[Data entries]
»»

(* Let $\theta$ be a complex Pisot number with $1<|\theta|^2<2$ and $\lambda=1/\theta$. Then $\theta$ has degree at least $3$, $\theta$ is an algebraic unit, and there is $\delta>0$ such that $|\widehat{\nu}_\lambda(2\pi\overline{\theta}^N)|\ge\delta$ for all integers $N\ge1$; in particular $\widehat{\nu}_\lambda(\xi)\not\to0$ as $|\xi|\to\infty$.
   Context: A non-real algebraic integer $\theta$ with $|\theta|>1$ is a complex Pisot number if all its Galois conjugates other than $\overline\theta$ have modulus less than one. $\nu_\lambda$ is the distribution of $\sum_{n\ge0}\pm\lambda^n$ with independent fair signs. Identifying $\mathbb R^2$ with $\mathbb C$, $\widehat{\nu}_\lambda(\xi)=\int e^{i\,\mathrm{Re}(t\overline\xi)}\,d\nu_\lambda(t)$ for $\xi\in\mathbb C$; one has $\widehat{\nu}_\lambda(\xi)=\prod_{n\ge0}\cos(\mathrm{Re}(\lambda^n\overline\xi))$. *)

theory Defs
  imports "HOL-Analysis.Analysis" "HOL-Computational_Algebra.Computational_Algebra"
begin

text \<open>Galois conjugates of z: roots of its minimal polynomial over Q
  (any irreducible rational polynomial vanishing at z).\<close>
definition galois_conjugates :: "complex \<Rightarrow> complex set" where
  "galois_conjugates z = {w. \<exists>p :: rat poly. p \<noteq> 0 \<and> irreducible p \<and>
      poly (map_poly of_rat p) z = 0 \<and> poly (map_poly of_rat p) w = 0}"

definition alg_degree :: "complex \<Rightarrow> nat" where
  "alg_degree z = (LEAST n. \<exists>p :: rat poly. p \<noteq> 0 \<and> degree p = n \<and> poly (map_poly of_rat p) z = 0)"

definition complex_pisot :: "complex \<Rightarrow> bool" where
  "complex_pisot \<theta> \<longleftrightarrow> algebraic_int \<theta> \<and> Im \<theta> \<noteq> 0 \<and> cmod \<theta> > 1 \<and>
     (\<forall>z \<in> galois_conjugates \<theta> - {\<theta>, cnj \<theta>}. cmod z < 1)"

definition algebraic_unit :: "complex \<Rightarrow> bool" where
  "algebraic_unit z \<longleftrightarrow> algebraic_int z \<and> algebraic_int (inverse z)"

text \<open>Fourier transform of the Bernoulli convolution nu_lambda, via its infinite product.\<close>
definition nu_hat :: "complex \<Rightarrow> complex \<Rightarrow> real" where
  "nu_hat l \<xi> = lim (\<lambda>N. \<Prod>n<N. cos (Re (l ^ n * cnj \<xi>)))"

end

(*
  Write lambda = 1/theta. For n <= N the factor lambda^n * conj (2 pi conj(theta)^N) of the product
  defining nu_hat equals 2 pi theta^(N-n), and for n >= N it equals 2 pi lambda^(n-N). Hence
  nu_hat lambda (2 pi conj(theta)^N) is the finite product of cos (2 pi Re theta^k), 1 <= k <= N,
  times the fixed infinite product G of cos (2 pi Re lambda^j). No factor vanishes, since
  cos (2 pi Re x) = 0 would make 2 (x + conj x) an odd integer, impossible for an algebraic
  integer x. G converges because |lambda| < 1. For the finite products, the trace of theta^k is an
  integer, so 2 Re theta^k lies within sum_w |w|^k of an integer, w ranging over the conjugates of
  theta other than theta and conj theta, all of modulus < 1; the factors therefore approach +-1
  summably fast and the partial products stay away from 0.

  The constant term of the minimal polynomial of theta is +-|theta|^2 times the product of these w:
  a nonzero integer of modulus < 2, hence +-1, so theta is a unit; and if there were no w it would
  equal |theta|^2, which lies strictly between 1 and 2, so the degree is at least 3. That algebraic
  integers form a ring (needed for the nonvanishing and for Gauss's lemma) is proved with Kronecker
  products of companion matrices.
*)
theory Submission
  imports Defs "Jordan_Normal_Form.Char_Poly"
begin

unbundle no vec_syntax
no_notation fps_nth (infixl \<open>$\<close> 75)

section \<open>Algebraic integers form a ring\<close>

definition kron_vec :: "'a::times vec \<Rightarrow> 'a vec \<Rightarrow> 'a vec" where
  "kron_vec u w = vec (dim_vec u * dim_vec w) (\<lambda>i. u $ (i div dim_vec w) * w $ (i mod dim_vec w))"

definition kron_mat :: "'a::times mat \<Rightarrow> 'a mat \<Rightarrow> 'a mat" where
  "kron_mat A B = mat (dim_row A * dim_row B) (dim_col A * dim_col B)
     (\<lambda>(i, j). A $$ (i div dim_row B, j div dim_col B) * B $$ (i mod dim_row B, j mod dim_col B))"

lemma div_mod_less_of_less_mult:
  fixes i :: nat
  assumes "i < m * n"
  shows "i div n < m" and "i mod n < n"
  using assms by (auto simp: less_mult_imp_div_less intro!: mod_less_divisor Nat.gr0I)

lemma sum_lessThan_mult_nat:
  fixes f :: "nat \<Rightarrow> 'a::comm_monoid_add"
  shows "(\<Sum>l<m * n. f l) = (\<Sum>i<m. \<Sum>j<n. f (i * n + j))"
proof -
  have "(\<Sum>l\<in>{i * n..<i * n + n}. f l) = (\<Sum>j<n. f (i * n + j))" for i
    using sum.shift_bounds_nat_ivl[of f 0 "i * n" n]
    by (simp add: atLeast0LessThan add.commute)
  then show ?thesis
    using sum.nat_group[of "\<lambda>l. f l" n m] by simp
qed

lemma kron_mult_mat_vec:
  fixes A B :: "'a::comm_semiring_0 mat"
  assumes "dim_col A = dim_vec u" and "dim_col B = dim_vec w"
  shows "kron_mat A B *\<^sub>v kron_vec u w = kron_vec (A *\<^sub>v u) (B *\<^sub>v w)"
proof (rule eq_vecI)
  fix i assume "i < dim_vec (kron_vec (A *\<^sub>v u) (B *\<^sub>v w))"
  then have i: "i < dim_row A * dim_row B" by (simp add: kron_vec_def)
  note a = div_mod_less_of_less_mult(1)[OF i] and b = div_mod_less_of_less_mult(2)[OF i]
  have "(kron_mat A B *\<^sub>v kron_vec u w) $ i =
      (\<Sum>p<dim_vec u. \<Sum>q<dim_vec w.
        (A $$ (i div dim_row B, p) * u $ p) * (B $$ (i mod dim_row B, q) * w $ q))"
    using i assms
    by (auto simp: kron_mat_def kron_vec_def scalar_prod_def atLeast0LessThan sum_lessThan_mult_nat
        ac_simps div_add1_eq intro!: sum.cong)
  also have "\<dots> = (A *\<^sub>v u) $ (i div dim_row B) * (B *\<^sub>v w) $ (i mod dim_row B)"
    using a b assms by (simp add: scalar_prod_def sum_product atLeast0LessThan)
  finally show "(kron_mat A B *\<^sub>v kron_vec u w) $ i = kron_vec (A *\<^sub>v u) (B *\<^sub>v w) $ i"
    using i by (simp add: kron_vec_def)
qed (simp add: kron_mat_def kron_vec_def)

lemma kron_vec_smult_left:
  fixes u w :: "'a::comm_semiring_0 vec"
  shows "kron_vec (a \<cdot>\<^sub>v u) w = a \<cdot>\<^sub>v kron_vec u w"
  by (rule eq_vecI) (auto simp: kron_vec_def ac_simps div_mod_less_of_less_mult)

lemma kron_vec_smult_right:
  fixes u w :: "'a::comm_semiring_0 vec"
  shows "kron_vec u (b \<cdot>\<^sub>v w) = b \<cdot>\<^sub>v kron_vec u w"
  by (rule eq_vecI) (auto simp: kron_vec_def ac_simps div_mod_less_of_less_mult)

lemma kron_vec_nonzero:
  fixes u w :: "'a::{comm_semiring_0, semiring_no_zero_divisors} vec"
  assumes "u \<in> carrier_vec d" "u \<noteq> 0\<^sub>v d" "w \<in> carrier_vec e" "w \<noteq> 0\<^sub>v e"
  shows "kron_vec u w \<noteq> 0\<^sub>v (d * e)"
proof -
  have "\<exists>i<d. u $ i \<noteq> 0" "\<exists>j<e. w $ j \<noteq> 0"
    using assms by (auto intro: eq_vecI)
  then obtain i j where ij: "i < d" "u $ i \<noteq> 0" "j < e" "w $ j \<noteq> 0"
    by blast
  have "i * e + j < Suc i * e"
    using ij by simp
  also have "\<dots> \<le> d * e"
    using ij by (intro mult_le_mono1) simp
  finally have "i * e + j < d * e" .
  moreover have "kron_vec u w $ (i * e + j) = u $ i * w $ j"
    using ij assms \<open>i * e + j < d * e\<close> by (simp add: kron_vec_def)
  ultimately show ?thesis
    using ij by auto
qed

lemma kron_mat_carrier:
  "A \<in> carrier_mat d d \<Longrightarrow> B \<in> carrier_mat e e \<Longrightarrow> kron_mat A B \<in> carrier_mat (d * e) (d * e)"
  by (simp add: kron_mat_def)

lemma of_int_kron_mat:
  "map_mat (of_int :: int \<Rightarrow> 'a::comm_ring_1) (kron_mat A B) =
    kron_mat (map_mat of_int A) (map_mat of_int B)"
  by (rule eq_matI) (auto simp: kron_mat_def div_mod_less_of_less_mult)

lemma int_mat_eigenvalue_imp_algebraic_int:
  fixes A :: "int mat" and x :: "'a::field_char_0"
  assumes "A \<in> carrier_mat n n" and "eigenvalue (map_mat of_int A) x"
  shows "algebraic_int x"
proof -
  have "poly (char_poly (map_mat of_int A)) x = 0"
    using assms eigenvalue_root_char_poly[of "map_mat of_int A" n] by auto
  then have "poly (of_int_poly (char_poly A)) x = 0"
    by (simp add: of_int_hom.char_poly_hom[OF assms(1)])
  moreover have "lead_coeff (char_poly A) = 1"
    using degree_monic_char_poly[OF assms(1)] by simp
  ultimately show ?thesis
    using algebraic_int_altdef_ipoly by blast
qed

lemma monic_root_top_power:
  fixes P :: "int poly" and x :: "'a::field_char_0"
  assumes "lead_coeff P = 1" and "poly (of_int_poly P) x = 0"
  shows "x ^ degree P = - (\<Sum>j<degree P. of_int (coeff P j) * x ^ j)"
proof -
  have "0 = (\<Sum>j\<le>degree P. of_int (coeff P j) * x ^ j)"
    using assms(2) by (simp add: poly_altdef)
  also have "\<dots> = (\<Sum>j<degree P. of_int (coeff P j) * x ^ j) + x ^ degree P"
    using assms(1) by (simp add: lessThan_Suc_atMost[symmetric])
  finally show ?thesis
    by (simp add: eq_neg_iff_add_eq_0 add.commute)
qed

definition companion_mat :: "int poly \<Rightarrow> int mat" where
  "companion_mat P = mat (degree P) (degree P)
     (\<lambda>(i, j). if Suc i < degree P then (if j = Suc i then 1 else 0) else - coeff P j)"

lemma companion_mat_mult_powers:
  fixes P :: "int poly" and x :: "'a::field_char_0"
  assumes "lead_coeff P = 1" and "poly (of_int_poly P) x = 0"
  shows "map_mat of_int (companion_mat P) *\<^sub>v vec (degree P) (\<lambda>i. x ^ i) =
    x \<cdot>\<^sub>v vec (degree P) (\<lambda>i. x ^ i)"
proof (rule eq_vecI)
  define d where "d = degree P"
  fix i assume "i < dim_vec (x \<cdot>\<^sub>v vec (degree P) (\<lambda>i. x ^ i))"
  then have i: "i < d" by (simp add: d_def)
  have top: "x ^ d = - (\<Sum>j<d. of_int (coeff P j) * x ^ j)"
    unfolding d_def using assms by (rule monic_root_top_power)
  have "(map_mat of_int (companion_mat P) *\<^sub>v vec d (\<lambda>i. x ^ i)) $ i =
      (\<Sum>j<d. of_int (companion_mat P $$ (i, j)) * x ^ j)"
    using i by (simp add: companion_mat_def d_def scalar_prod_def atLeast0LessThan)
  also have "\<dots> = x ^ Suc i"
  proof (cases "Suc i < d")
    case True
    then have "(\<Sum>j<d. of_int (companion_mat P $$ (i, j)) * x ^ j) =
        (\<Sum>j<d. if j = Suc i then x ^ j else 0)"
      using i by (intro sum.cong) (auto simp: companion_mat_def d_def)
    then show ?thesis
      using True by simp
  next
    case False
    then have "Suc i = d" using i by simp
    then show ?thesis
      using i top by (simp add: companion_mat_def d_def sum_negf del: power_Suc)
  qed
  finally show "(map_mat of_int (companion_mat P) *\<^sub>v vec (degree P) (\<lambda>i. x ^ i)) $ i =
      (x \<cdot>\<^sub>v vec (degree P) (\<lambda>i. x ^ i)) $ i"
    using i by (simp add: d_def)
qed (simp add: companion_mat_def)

««

§ The problem:
What you return must be the lines above that run from the line with "finally show ?thesis" to the line with "(\<lambda>(i, j). if", inclusive, each copied exactly.

§ Your response:
  finally show ?thesis
    by (simp add: eq_neg_iff_add_eq_0 add.commute)
qed

definition companion_mat :: "int poly \<Rightarrow> int mat" where
  "companion_mat P = mat (degree P) (degree P)
     (\<lambda>(i, j). if Suc i < degree P then (if j = Suc i then 1 else 0) else - coeff P j)"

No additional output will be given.